Was würde wohl geschehen, wenn wir Menschen uns häufiger mit dem Bewusstsein in die Natur begeben, dass dort unser wahres Zuhause liegt, und nicht in den vier Wänden, aus denen wir kommen?

Welche Wirkung hätte es auf uns, würden wir damit beginnen, beispielsweise einen kompletten Tag pro Woche in den Wald zu gehen, um zur Ruhe zu kommen und nichts anderes zu tun als das Leben dort zu beobachten und uns selbst zu spüren? Das alles wohlgemerkt mit dem Gedanken im Hinterkopf, heimzukommen und nicht nur auf Besuch. Würde das auf Dauer etwas in uns verändern?

Würden sich uns vielleicht völlig neue Perspektiven darüber eröffnen, was es eigentlich bedeutet, auf diesem Planeten zu leben?

Sicherlich hätte es über die Zeit einen Einfluss auf unser Empfinden von Stress und Überlastung. Vielleicht auch auf unsere Sinnfrage oder auf das Gefühl einer gewissen Leere, das wir manchmal mit uns umhertragen.

Ich komme nach Hause in die Natur wie in mein Elternhaus. Lasse die Stadt, das Büro, WLAN und Internet, Termine und Verpflichtungen für eine Weile hinter mir und gehe an den Ort, von dem ich komme. Heim.

Dabei betrachte ich die Natur bewusst nicht als Ausflugsziel, sondern als den Ursprung, zu dem ich zurückkehre. Erlebe sie mit allen Sinnen, mit Haut und Haar. Ich tue das, um nichts anderes zu sein als verbunden mit mir selbst und dem puren Lebendigen, das mich dort umgibt.

Wenn wir das täten, regelmäßig einmal die Woche, einen kompletten Tag lang, was würde da wohl passieren, in unseren Köpfen, in unserem Bewusstsein? Was würde es mit uns machen, wenn wir wieder fortgingen, zurück in unseren Alltag? Welchen Einfluss hätte es darauf, wie wir uns in dieser Welt fühlen? Könnte es sein, dass wir uns über die Zeit von unserem zivili-sierten Leben mehr und mehr entwöhnen würden? Vielleicht wären wir mit dem einen Tag irgendwann gar nicht mehr zufrieden, sondern wollten mehr.
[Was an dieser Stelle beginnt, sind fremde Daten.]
(* Consider the explicit scheme on a uniform one-dimensional grid of spacing $h$, \[ \Phi^{1D,e}_{t+dt}(u):=u(\cdot,t)+dt\,F^{1D,e}[u(\cdot,t)], \] i.e. the forward Euler discretization of $u_t=F^{1D}[u]-f$ with $f=0$. If $dt\le(h^4/2)^{1/3}$, then the solution map satisfies the maximum principle \[ \min\Phi^{1D,e}_t(u)\le\Phi^{1D,e}_{t+dt}(u)\le\max\Phi^{1D,e}_t(u). \]
   Context: $F^{1D}[u]=(u_x^2u_{xx})^{1/3}$. With $A(p,q)=(p^2q)^{1/3}$ (real cube root), $A^+(p,q)=A(p^+,q^+)$, $A^-(p,q)=A(p^-,q^-)$, $x^+=\max(x,0)$, $x^-=\min(x,0)$, the (unregularized) scheme is $-F^{1D,e}[u]=A^+(\lvert u_x^h\rvert^+,-u_{xx}^h)+A^-(-\lvert u_x^h\rvert^-,-u_{xx}^h)$, with $\lvert u_x^h\rvert^+=\max\{\frac{u(x)-u(x+h)}h,\frac{u(x)-u(x-h)}h,0\}$, $-\lvert u_x^h\rvert^-=\min\{\frac{u(x)-u(x+h)}h,\frac{u(x)-u(x-h)}h,0\}$, $u_{xx}^h=\frac{u(x+h)-2u(x)+u(x-h)}{h^2}$. $\Phi^{1D,e}_t(u)$ denotes the grid function at time $t$; min and max are over grid points. *)

theory Defs
  imports Complex_Main
begin

text \<open>Grid functions on the uniform 1D grid x_i = i*h, i in Z, are modelled as int => real.\<close>

definition posp :: "real \<Rightarrow> real" where "posp x = max x 0"
definition negp :: "real \<Rightarrow> real" where "negp x = min x 0"

text \<open>A(p,q) = (p^2 q)^(1/3), real cube root (root 3 is the odd real root).\<close>
definition A :: "real \<Rightarrow> real \<Rightarrow> real" where "A p q = root 3 (p^2 * q)"
definition Aplus :: "real \<Rightarrow> real \<Rightarrow> real" where "Aplus p q = A (posp p) (posp q)"
definition Aminus :: "real \<Rightarrow> real \<Rightarrow> real" where "Aminus p q = A (negp p) (negp q)"

definition abs_ux_plus :: "real \<Rightarrow> (int \<Rightarrow> real) \<Rightarrow> int \<Rightarrow> real" where
  "abs_ux_plus h u i = max (max ((u i - u (i+1)) / h) ((u i - u (i-1)) / h)) 0"

definition neg_abs_ux_minus :: "real \<Rightarrow> (int \<Rightarrow> real) \<Rightarrow> int \<Rightarrow> real" where
  "neg_abs_ux_minus h u i = min (min ((u i - u (i+1)) / h) ((u i - u (i-1)) / h)) 0"

definition uxx :: "real \<Rightarrow> (int \<Rightarrow> real) \<Rightarrow> int \<Rightarrow> real" where
  "uxx h u i = (u (i+1) - 2 * u i + u (i-1)) / h^2"

definition F1De :: "real \<Rightarrow> (int \<Rightarrow> real) \<Rightarrow> int \<Rightarrow> real" where
  "F1De h u i = - (Aplus (abs_ux_plus h u i) (- uxx h u i) + Aminus (neg_abs_ux_minus h u i) (- uxx h u i))"

definition Phi_step :: "real \<Rightarrow> real \<Rightarrow> (int \<Rightarrow> real) \<Rightarrow> int \<Rightarrow> real" where
  "Phi_step h dt u i = u i + dt * F1De h u i"

end

theory Submission
  imports Defs
begin

text \<open>Where \<open>u\<^sub>x\<^sub>x > 0\<close> only the \<open>A\<^sup>-\<close> term is active and the step raises \<open>u(x)\<close> by
  \<open>dt (n\<^sup>2 u\<^sub>x\<^sub>x)\<^sup>1\<^sup>/\<^sup>3\<close>, where \<open>h n\<close> is the rise to the higher neighbour. Since
  \<open>h u\<^sub>x\<^sub>x \<le> 2 n\<close>, the CFL condition \<open>dt\<^sup>3 \<le> h\<^sup>4/2\<close> makes this increment at most \<open>h n\<close>, so the
  new value does not exceed the higher neighbour; where \<open>u\<^sub>x\<^sub>x \<le> 0\<close> the step does not raise \<open>u(x)\<close>
  at all. The scheme is odd under \<open>u \<mapsto> -u\<close>, which turns this upper bound into the lower one.\<close>

lemma cube_le_of_le_powr_third:
  fixes x c :: real
  assumes "0 \<le> x" "0 < c" "x \<le> c powr (1/3)"
  shows "x ^ 3 \<le> c"
proof -
  have "x ^ 3 \<le> (c powr (1/3)) ^ 3" using assms by (intro power_mono) auto
  also have "\<dots> = c" using assms(2) by (simp add: powr_realpow [symmetric] powr_powr)
  finally show ?thesis .
qed

lemma mult_root3_le:
  fixes dt h n q :: real
  assumes "0 < dt" "0 < h" "dt ^ 3 \<le> h ^ 4 / 2" "0 \<le> n" "0 \<le> q" "q * h \<le> 2 * n"
  shows "dt * root 3 (n\<^sup>2 * q) \<le> h * n"
proof -
  have "dt * root 3 (n\<^sup>2 * q) = root 3 (dt ^ 3 * (n\<^sup>2 * q))"
    using assms(1) by (simp add: real_root_mult real_root_power_cancel)
  also have "\<dots> \<le> root 3 ((h * n) ^ 3)"
  proof (subst real_root_le_iff)
    have "dt ^ 3 * (n\<^sup>2 * q) \<le> h ^ 4 / 2 * (n\<^sup>2 * q)"
      using assms by (intro mult_right_mono) auto
    also have "\<dots> = h ^ 3 / 2 * n\<^sup>2 * (q * h)" by (simp add: power_def algebra_simps)
    also have "\<dots> \<le> h ^ 3 / 2 * n\<^sup>2 * (2 * n)" using assms by (intro mult_left_mono) auto
    also have "\<dots> = (h * n) ^ 3" by (simp add: power_def algebra_simps)
    finally show "dt ^ 3 * (n\<^sup>2 * q) \<le> (h * n) ^ 3" .
  qed simp
  also have "\<dots> = h * n" using assms by (simp add: real_root_power_cancel)
  finally show ?thesis .
qed

lemma A_uminus_uminus: "A (- p) (- q) = - A p q"
  by (simp add: A_def real_root_minus)

lemma F1De_uminus: "F1De h (\<lambda>j. - u j) i = - F1De h u i"
proof -
  have "abs_ux_plus h (\<lambda>j. - u j) i = - neg_abs_ux_minus h u i"
    and "neg_abs_ux_minus h (\<lambda>j. - u j) i = - abs_ux_plus h u i"
    and "uxx h (\<lambda>j. - u j) i = - uxx h u i"
    by (simp_all add: abs_ux_plus_def neg_abs_ux_minus_def uxx_def minus_max_eq_min
        minus_min_eq_max minus_divide_left algebra_simps)
  moreover have "posp (- x) = - negp x" "negp (- x) = - posp x" for x
    by (simp_all add: posp_def negp_def)
  ultimately show ?thesis
    by (simp add: F1De_def Aplus_def Aminus_def flip: A_uminus_uminus)
qed

lemma Phi_step_uminus: "Phi_step h dt (\<lambda>j. - u j) i = - Phi_step h dt u i"
  by (simp add: Phi_step_def F1De_uminus)

lemma F1De_nonpos_of_uxx_nonpos:
  assumes "uxx h u i \<le> 0"
  shows "F1De h u i \<le> 0"
  using assms by (simp add: F1De_def Aplus_def Aminus_def A_def posp_def negp_def mult_nonneg_nonpos)

lemma F1De_of_uxx_pos:
  assumes "0 < uxx h u i"
  shows "F1De h u i = root 3 ((neg_abs_ux_minus h u i)\<^sup>2 * uxx h u i)"
proof -
  have "negp (neg_abs_ux_minus h u i) = neg_abs_ux_minus h u i"
    by (simp add: negp_def neg_abs_ux_minus_def)
  with assms show ?thesis
    by (simp add: F1De_def Aplus_def Aminus_def A_def posp_def negp_def real_root_minus)
qed

lemma Phi_step_le_upper_bound:
  assumes "0 < h" "0 < dt" "dt ^ 3 \<le> h ^ 4 / 2" "\<And>j. u j \<le> M"
  shows "Phi_step h dt u i \<le> M"
proof (cases "uxx h u i \<le> 0")
  case True
  have "dt * F1De h u i \<le> 0"
    using F1De_nonpos_of_uxx_nonpos [OF True] assms(2) by (simp add: mult_nonneg_nonpos)
  then show ?thesis using assms(4) [of i] by (simp add: Phi_step_def)
next
  case False
  define n where "n = - neg_abs_ux_minus h u i"
  have n_eq: "n = max (max ((u (i+1) - u i) / h) ((u (i-1) - u i) / h)) 0"
    by (simp add: n_def neg_abs_ux_minus_def minus_min_eq_max) argo
  have "uxx h u i * h = (u (i+1) - u i) / h + (u (i-1) - u i) / h"
    using assms(1) by (simp add: uxx_def power2_eq_square field_simps)
  also have "\<dots> \<le> 2 * n" unfolding n_eq by linarith
  finally have "uxx h u i * h \<le> 2 * n" .
  then have "dt * root 3 (n\<^sup>2 * uxx h u i) \<le> h * n"
    using mult_root3_le assms(1-3) False by (simp add: n_eq)
  then have "dt * F1De h u i \<le> h * n"
    using F1De_of_uxx_pos False by (simp add: n_def)
  moreover have "u i + h * n \<le> M"
    using assms(1) assms(4) [of i] assms(4) [of "i+1"] assms(4) [of "i-1"]
    by (simp add: n_eq max_mult_distrib_left)
  ultimately show ?thesis by (simp add: Phi_step_def)
qed

lemma Phi_step_ge_lower_bound:
  assumes "0 < h" "0 < dt" "dt ^ 3 \<le> h ^ 4 / 2" "\<And>j. m \<le> u j"
  shows "m \<le> Phi_step h dt u i"
  using Phi_step_le_upper_bound [of h dt "\<lambda>j. - u j" "- m" i] assms
  by (simp add: Phi_step_uminus)

theorem mainTheorem12:
  fixes h dt :: real and u :: "int \<Rightarrow> real"
  assumes "h > 0" and "dt > 0" and "dt \<le> (h^4 / 2) powr (1/3)"
    and "bdd_below (range u)" and "bdd_above (range u)"
  shows "\<forall>i. Inf (range u) \<le> Phi_step h dt u i \<and> Phi_step h dt u i \<le> Sup (range u)"
proof
  fix i
  have cfl: "dt ^ 3 \<le> h ^ 4 / 2"
    using cube_le_of_le_powr_third [of dt "h ^ 4 / 2"] assms(1-3) by simp
  have "Inf (range u) \<le> u j" "u j \<le> Sup (range u)" for j
    using assms(4,5) by (simp_all add: cInf_lower cSup_upper)
  then show "Inf (range u) \<le> Phi_step h dt u i \<and> Phi_step h dt u i \<le> Sup (range u)"
    using Phi_step_ge_lower_bound Phi_step_le_upper_bound assms(1,2) cfl by blast
qed

end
Zwei, drei Tage pro Woche oder noch mehr.

Mag sein, wir stellten fest, dass wir eigentlich viel weniger bräuchten, um uns gut und erfüllt zu fühlen, als wir bisher geglaubt haben. Weniger Dinge. Weniger Komfort. Weniger Aktivitäten. Weniger Stimulanzien. Weniger Geld.

Wie lange würde es wohl dauern, bis wir anfingen, unsere Wahrnehmung der Realität in Frage zu stellen und das Gefühl zu bekommen, alles müsste eigentlich irgendwie genau andersherum sein, als es ist? Ich glaube, nicht lange.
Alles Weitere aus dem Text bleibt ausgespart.